An exact copy of each record is required.

Saved data entries
..............................

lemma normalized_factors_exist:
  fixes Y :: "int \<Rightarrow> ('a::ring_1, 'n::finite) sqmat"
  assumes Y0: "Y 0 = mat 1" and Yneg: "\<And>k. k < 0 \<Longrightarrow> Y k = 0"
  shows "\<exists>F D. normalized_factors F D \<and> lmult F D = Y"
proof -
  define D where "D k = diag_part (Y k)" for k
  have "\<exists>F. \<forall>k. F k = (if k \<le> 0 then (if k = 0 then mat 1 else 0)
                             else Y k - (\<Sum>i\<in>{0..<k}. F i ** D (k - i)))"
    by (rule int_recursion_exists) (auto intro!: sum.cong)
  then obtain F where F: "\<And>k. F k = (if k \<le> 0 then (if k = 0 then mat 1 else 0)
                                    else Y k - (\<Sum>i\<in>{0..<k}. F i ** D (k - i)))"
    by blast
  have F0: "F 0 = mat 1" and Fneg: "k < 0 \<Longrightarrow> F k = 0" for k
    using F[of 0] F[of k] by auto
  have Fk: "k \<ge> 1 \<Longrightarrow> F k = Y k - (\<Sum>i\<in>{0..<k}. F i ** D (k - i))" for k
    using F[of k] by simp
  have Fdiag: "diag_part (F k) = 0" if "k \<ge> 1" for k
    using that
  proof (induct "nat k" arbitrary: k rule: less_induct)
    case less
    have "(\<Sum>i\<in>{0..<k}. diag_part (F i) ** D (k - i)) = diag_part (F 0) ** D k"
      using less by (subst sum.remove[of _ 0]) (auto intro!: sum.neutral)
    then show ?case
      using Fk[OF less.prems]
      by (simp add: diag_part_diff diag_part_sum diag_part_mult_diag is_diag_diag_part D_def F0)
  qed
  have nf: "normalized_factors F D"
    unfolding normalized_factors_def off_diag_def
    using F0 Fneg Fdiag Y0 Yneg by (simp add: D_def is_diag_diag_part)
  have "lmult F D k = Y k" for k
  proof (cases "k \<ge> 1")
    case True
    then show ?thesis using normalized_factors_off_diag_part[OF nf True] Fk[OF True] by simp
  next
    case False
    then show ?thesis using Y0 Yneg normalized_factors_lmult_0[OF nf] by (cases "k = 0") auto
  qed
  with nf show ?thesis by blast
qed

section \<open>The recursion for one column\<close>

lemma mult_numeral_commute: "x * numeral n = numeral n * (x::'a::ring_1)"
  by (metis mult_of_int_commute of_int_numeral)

..............................

- **Finished task**
lemma normalized_factors_exist:
  fixes Y :: "int \<Rightarrow> ('a::ring_1, 'n::finite) sqmat"
  assumes Y0: "Y 0 = mat 1" and Yneg: "\<And>k. k < 0 \<Longrightarrow> Y k = 0"
  shows "\<exists>F D. normalized_factors F D \<and> lmult F D = Y"
proof -
  define D where "D k = diag_part (Y k)" for k
  have "\<exists>F. \<forall>k. F k = (if k \<le> 0 then (if k = 0 then mat 1 else 0)
                             else Y k - (\<Sum>i\<in>{0..<k}. F i ** D (k - i)))"
    by (rule int_recursion_exists) (auto intro!: sum.cong)
  then obtain F where F: "\<And>k. F k = (if k \<le> 0 then (if k = 0 then mat 1 else 0)
                                    else Y k - (\<Sum>i\<in>{0..<k}. F i ** D (k - i)))"
    by blast
  have F0: "F 0 = mat 1" and Fneg: "k < 0 \<Longrightarrow> F k = 0" for k
    using F[of 0] F[of k] by auto
  have Fk: "k \<ge> 1 \<Longrightarrow> F k = Y k - (\<Sum>i\<in>{0..<k}. F i ** D (k - i))" for k
    using F[of k] by simp
  have Fdiag: "diag_part (F k) = 0" if "k \<ge> 1" for k
    using that
  proof (induct "nat k" arbitrary: k rule: less_induct)
    case less
    have "(\<Sum>i\<in>{0..<k}. diag_part (F i) ** D (k - i)) = diag_part (F 0) ** D k"
      using less by (subst sum.remove[of _ 0]) (auto intro!: sum.neutral)
    then show ?case
      using Fk[OF less.prems]
      by (simp add: diag_part_diff diag_part_sum diag_part_mult_diag is_diag_diag_part D_def F0)
  qed
  have nf: "normalized_factors F D"
    unfolding normalized_factors_def off_diag_def
    using F0 Fneg Fdiag Y0 Yneg by (simp add: D_def is_diag_diag_part)
  have "lmult F D k = Y k" for k
  proof (cases "k \<ge> 1")
    case True
    then show ?thesis using normalized_factors_off_diag_part[OF nf True] Fk[OF True] by simp
  next
    case False
    then show ?thesis using Y0 Yneg normalized_factors_lmult_0[OF nf] by (cases "k = 0") auto
  qed
  with nf show ?thesis by blast
qed

section \<open>The recursion for one column\<close>

lemma mult_numeral_commute: "x * numeral n = numeral n * (x::'a::ring_1)"
  by (metis mult_of_int_commute of_int_numeral)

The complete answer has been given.